Refresh solver architecture comment for the optimized design

The module header still described a fixed 32-byte slot, a serial partition, and a "not yet taken" radix scatter. Update it to reflect the current memory-traffic- oriented design: parallel counting-sort partition_top, keys_part/keys_sorted to make the key reads sequential, narrowing per-round packed slots with a masked store, and the remaining slot-gather floor (with the note that the full payload radix scatter was evaluated and loses on the wide early rounds). Comment-only.
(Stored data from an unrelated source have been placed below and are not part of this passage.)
lemma card_minus_part_pos:
  "finite \<A> \<Longrightarrow> minus_part t \<A> \<noteq> {} \<Longrightarrow> 0 < card (minus_part t \<A>)"
  unfolding minus_part_def by (simp add: card_gt_0_iff)

lemma t_intersecting_plus_part: "t_intersecting t (plus_part t \<A>)"
  unfolding t_intersecting_def plus_part_def by auto

lemma t_intersecting_insert_plus_part:
  assumes "X \<in> \<A>"
  shows "t_intersecting t (insert X (plus_part t \<A>))"
  using assms unfolding t_intersecting_def plus_part_def by (auto simp: Int_commute)

text \<open>A member of \<open>\<A>\<^sup>+\<close> meets a member of \<open>\<A>\<^sup>-\<close> in at least \<open>t\<close> points, so it has at least
  \<open>t\<close> points itself; this covers the case \<open>X = Y\<close>.\<close>
lemma plus_part_intersecting_all:
  assumes "X \<in> plus_part t \<A>" "Y \<in> \<A>" "minus_part t \<A> \<noteq> {}" "finite X"
  shows "t \<le> card (X \<inter> Y)"
proof (cases "X = Y")
  case False
  then show ?thesis using assms(1,2) unfolding plus_part_def by auto
next
  case True
  obtain Z where Z: "Z \<in> \<A>" "Z \<notin> plus_part t \<A>" using assms(3) unfolding minus_part_def by auto
  then have "t \<le> card (X \<inter> Z)" using assms(1) unfolding plus_part_def by auto
  also have "\<dots> \<le> card X" using assms(4) by (intro card_mono) auto
  finally show ?thesis using True by simp
qed

lemma card_le_l_fam:
  "finite F \<Longrightarrow> G \<subseteq> F \<Longrightarrow> t_intersecting t G \<Longrightarrow> card G \<le> l_fam F t"
  unfolding l_fam_def by (rule Max_ge) auto

lemma l_fam_attained:
  assumes "finite F"
  obtains L where "L \<subseteq> F" "t_intersecting t L" "card L = l_fam F t"
proof -
  have "{} \<in> {G. G \<subseteq> F \<and> t_intersecting t G}" by (simp add: t_intersecting_def)
  then have "l_fam F t \<in> card ` {G. G \<subseteq> F \<and> t_intersecting t G}"
    unfolding l_fam_def using assms by (intro Max_in) auto
  then show ?thesis using that by auto
qed

lemma l_fam_pos: "finite F \<Longrightarrow> F \<noteq> {} \<Longrightarrow> 0 < l_fam F t"
proof -
  assume "finite F" "F \<noteq> {}"
  then obtain X where "X \<in> F" by auto
  then have "card {X} \<le> l_fam F t"
    using \<open>finite F\<close> by (intro card_le_l_fam) (auto simp: t_intersecting_def)
  then show ?thesis by simp
qed

lemma card_plus_part_less_l_fam:
  assumes "finite F" "\<A> \<subseteq> F" "minus_part t \<A> \<noteq> {}"
  shows "card (plus_part t \<A>) < l_fam F t"
proof -
  obtain X where X: "X \<in> \<A>" "X \<notin> plus_part t \<A>" using assms(3) unfolding minus_part_def by auto
  have "finite (plus_part t \<A>)"
    using assms(1,2) plus_part_subset finite_subset by metis
  then have "card (plus_part t \<A>) < card (insert X (plus_part t \<A>))" using X(2) by simp
  also have "\<dots> \<le> l_fam F t"
    using assms(1,2) X(1) plus_part_subset t_intersecting_insert_plus_part
    by (intro card_le_l_fam) auto
  finally show ?thesis .
qed

text \<open>Unlike \<open>t_intersecting\<close>, the constant tuple also needs \<open>|X| \<ge> t\<close> for its members; when
  \<open>l(F,t) = 1\<close> this is where \<open>\<alpha>(F) \<ge> t\<close> enters.\<close>
lemma l_fam_self_intersecting_witness:
  assumes "finite F" "\<forall>X\<in>F. finite X" "F \<noteq> {}" "alpha_fam F \<ge> t"
  obtains L where "L \<subseteq> F" "card L = l_fam F t" "\<forall>X\<in>L. \<forall>Y\<in>L. t \<le> card (X \<inter> Y)"
proof (cases "l_fam F t \<ge> 2")
  case True
  obtain L where L: "L \<subseteq> F" "t_intersecting t L" "card L = l_fam F t"
    using l_fam_attained assms(1) by blast
  have "t \<le> card (X \<inter> Y)" if X: "X \<in> L" and Y: "Y \<in> L" for X Y
  proof (cases "X = Y")
    case False
    then show ?thesis using L X Y unfolding t_intersecting_def by auto
  next
    case True
    have "\<not> L \<subseteq> {X}"
      using L(3) \<open>2 \<le> l_fam F t\<close> card_mono[of "{X}" L] by fastforce
    then obtain Z where Z: "Z \<in> L" "Z \<noteq> X" by auto
    then have "t \<le> card (X \<inter> Z)" using L X unfolding t_intersecting_def by auto
    also have "\<dots> \<le> card X" using X L assms(2) by (intro card_mono) auto
    finally show ?thesis using True by simp
  qed
  then show ?thesis using L that by blast
next
  case False
  then have "l_fam F t = 1" using l_fam_pos[OF assms(1,3), of t] by simp
  have "alpha_fam F \<in> card ` F" unfolding alpha_fam_def using assms by (intro Max_in) auto
  then obtain X where "X \<in> F" "t \<le> card X" using assms(4) by auto
  then show ?thesis using \<open>l_fam F t = 1\<close> that[of "{X}"] by auto
qed

lemma beta_sub_pos:
  assumes "finite F" "F \<noteq> {}" "\<A> \<subseteq> F"
  shows "0 < beta_sub F t \<A>"
proof (cases "minus_part t \<A> = {}")
  case False
  have "card (plus_part t \<A>) < l_fam F t" using card_plus_part_less_l_fam assms False by blast
  moreover have "0 < card (minus_part t \<A>)"
    using card_minus_part_pos False assms finite_subset by blast
  ultimately show ?thesis using False unfolding beta_sub_def by simp
next
  case True
  then show ?thesis using l_fam_pos[OF assms(1,2)] assms(1,2)
    unfolding beta_sub_def by (simp add: card_gt_0_iff)
qed

lemma beta_fam_pos: "finite F \<Longrightarrow> F \<noteq> {} \<Longrightarrow> 0 < beta_fam F t"
  unfolding beta_fam_def using beta_sub_pos by (subst Min_gr_iff) auto

lemma beta_fam_le: "finite F \<Longrightarrow> \<A> \<subseteq> F \<Longrightarrow> beta_fam F t \<le> beta_sub F t \<A>"
  unfolding beta_fam_def by (rule Min_le) auto

lemma beta_fam_attained:
  assumes "finite F"
  obtains \<A> where "\<A> \<subseteq> F" "beta_fam F t = beta_sub F t \<A>"
proof -
  have "beta_fam F t \<in> beta_sub F t ` Pow F"
    unfolding beta_fam_def using assms by (intro Min_in) auto
  then show ?thesis using that by auto
qed

lemma kappa_fam_le_iff:
  "finite F \<Longrightarrow> F \<noteq> {} \<Longrightarrow> kappa_fam F t \<le> x \<longleftrightarrow> 1 \<le> x * beta_fam F t"
  unfolding kappa_fam_def by (simp add: beta_fam_pos pos_divide_le_eq)

lemma plus_minus_bound_le_l_fam:
  assumes "finite F" "\<A> \<subseteq> F" "1 \<le> real k * beta_sub F t \<A>"
  shows "k * card (plus_part t \<A>) + card (minus_part t \<A>) \<le> k * l_fam F t"
proof (cases "minus_part t \<A> = {}")
  case True
  have "plus_part t \<A> \<subseteq> F" using assms(2) plus_part_subset by blast
  then have "card (plus_part t \<A>) \<le> l_fam F t"
    using assms(1) t_intersecting_plus_part card_le_l_fam by blast
  then show ?thesis using True by simp
next
  case False
  have "0 < card (minus_part t \<A>)"
    using card_minus_part_pos False assms(1,2) finite_subset by blast
  then have "real (card (minus_part t \<A>))
      \<le> real k * (real (l_fam F t) - real (card (plus_part t \<A>)))"
    using assms(3) False unfolding beta_sub_def by (simp add: field_simps)
  then have "real (k * card (plus_part t \<A>) + card (minus_part t \<A>)) \<le> real (k * l_fam F t)"
    by (simp add: algebra_simps)
  then show ?thesis by linarith
qed

text \<open>If the minimum defining \<open>\<beta>(F,t)\<close> is attained at some \<open>\<A>\<close> with \<open>\<A>\<^sup>- = {}\<close>, then
  \<open>k l(F,t) < |F|\<close>, and the witness is \<open>F\<close> itself.\<close>
lemma plus_minus_bound_gt_l_fam:
  assumes "finite F" "F \<noteq> {}" "k \<ge> 1" "real k * beta_fam F t < 1"
  obtains \<A> where "\<A> \<subseteq> F" "minus_part t \<A> \<noteq> {}"
    "k * l_fam F t < k * card (plus_part t \<A>) + card (minus_part t \<A>)"
proof -
  obtain \<A> where \<A>: "\<A> \<subseteq> F" "beta_fam F t = beta_sub F t \<A>"
    using beta_fam_attained assms(1) by blast
  show ?thesis
  proof (cases "minus_part t \<A> = {}")
    case False
    have "0 < card (minus_part t \<A>)"
      using card_minus_part_pos False \<A>(1) assms(1) finite_subset by blast
    then have "real k * (real (l_fam F t) - real (card (plus_part t \<A>)))
        < real (card (minus_part t \<A>))"
      using assms(4) False \<A>(2) unfolding beta_sub_def by (simp add: field_simps)
    then have "real (k * l_fam F t) < real (k * card (plus_part t \<A>) + card (minus_part t \<A>))"
      by (simp add: algebra_simps)
    then show ?thesis by (intro that[OF \<A>(1) False]) (simp only: of_nat_less_iff)
  next
    case True
    have "real k * real (l_fam F t) < real (card F)"
      using assms True \<A>(2) unfolding beta_sub_def by (simp add: card_gt_0_iff field_simps)
    then have kl: "k * l_fam F t < card F" by (simp flip: of_nat_mult)
    have "minus_part t F \<noteq> {}"
    proof
      assume "minus_part t F = {}"
      then have "card F \<le> l_fam F t"
        using assms(1) t_intersecting_plus_part[of t F] card_le_l_fam[of F F t]
        by (simp add: minus_part_empty_iff)
      then show False using kl assms(3) by (metis le_trans mult_le_mono1 mult_1 not_le)
    qed
    moreover have "card F \<le> k * card (plus_part t F) + card (minus_part t F)"
      using card_plus_minus_part[OF assms(1), of t] assms(3) by simp
    ultimately show ?thesis using that[of F] kl by simp
  qed
qed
Co-Authored-By: Claude Opus 4.8 (1M context) <noreply@anthropic.com>
2026-06-06 11:48:29 -04:00
parent 1b4a2a4dd9
commit 8a9d98a21d
1 changed files with 19 additions and 11 deletions
@@ -131,23 +131,31 @@ fn leaf_row(base: &State, idx: u32) -> Row {
 // histogram that has to be zeroed, scatter-filled, and cloned every round). Two
 // entries can collide only when their *whole* leading block matches, so they
 // always land in the same partition — making the partitions independent
-// collision domains that are processed in parallel across the rayon pool the
-// single CPU worker otherwise leaves idle.
+// collision domains processed in parallel across the rayon pool.
 //
-// The data layout follows xenoncat's packed slots and targets AVX2 throughput:
-//   * Entries live in fixed 32-byte `SLOT`s (one `__m256i`); producing a child
-//     is a single load/xor/permute/store (`xor_child_avx2`).
-//   * A dense parallel `keys[]` array mirrors each entry's leading block, so the
-//     `partition_top`/`count_pairs`/`low_group` histogram sweeps stream over
-//     4 bytes/entry instead of striding the slots.
+// The data layout targets AVX2 throughput; the round is memory-bandwidth bound,
+// so every choice below exists to cut DRAM traffic / random access:
+//   * `partition_top` is a parallel counting sort (per-chunk histograms ->
+//     per-chunk base offsets -> disjoint-region scatter), not a serial pass.
+//   * It also emits `keys_part` (the leading keys in partition order) so the
+//     per-partition `count_pairs`/`low_group` sweeps read keys sequentially
+//     instead of gathering `keys[order[..]]`; `low_group` likewise emits
+//     `keys_sorted` so the emit group walk streams a dense local copy.
+//   * Slots hold residual hash words in a *narrowing* packed slot: round 0 is
+//     `SLOT` words; each round consumes the leading block, so round r packs at
+//     `SLOT - r` words. The XOR child is one 256-bit load/xor/permute that
+//     masked-stores the live lanes (`xor_child_avx2`); buffers carry a
+//     `SLOT_SLACK` pad for the 256-bit over-read of a narrow tail slot.
 //   * `collide` runs two passes — count pairs, then emit children directly into
 //     one pre-sized arena at per-partition offsets — so there is no per-bucket
 //     allocation and no final concatenation copy; the `keys`/`slots` buffers
 //     ping-pong between rounds.
 //   * Round 0 repacks BLAKE2b digests into 24-bit blocks with `pshufb`.
-// A further bandwidth step (not yet taken) is xenoncat's full radix scatter of
-// the payload into bucket-contiguous storage, turning the inner-loop slot
-// gathers into sequential reads.
+// The remaining bottleneck is the random slot gather in `emit_bucket` over the
+// ~1 GiB round buffer — the Equihash memory-hardness floor. A full radix scatter
+// of the payload into bucket-contiguous storage (to make that gather sequential)
+// was evaluated and loses: the wide-slot scatter costs more than the gather it
+// saves on the early, wide rounds.
 // ---------------------------------------------------------------------------

 /// 24-bit collision blocks carried by a round-0 entry (= 8 for 192,7).